(Stored data)
lemma cp_mult_support:
  assumes "partial_action B I \<phi>"
  shows "{k. cp_mult I \<phi> a b k \<noteq> (\<lambda>_. 0)}
    \<subseteq> (\<lambda>(g, h). g + h) ` ({g. a g \<noteq> (\<lambda>_. 0)} \<times> {h. b h \<noteq> (\<lambda>_. 0)})"
    (is "_ \<subseteq> ?sums")
proof
  fix k
  assume k: "k \<in> {k. cp_mult I \<phi> a b k \<noteq> (\<lambda>_. 0)}"
  show "k \<in> ?sums"
  proof (rule ccontr)
    assume k_notin: "k \<notin> ?sums"
    have "b (- g + k) = (\<lambda>_. 0)" if "a g \<noteq> (\<lambda>_. 0)" for g
    proof (rule ccontr)
      assume "b (- g + k) \<noteq> (\<lambda>_. 0)"
      with that have "k \<in> ?sums"
        by (intro rev_image_eqI[of "(g, - g + k)"]) (simp_all add: add.assoc[symmetric])
      with k_notin show False by contradiction
    qed
    then have "cp_mult I \<phi> a b k = (\<lambda>_. 0)"
      by (simp add: cp_mult_eq_sum_twisted_product twisted_product_zero_right[OF assms])
    with k show False by simp
  qed
qed

lemma cp_mult_in_cp_carrier:
  assumes act: "partial_action B I \<phi>"
    and fin: "finite {g. a g \<noteq> (\<lambda>_. 0)}" "finite {h. b h \<noteq> (\<lambda>_. 0)}"
    and twisted: "\<And>g h. twisted_product I \<phi> g (a g) (b h) \<in> Lc (J (g + h))"
  shows "cp_mult I \<phi> a b \<in> cp_carrier J"
  unfolding cp_carrier_def
proof (intro CollectI conjI allI)
  show "finite {k. cp_mult I \<phi> a b k \<noteq> (\<lambda>_. 0)}"
    using fin by (intro finite_subset[OF cp_mult_support[OF act]]) simp
  have "twisted_product I \<phi> g (a g) (b (- g + k)) \<in> Lc (J k)" for g k
    using twisted[of g "- g + k"] by (simp add: add.assoc[symmetric])
  then show "cp_mult I \<phi> a b k \<in> Lc (J k)" for k
    unfolding cp_mult_eq_sum_twisted_product using fin(1) by (intro Lc_sum)
qed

(Exercise prompt):
Your reply should be nothing but the lines from the one containing "unfolding cp_mult_eq_sum_twisted_product using" through the last line above, copied exactly; please include both ends.

(Result for this exercise):
    unfolding cp_mult_eq_sum_twisted_product using fin(1) by (intro Lc_sum)
qed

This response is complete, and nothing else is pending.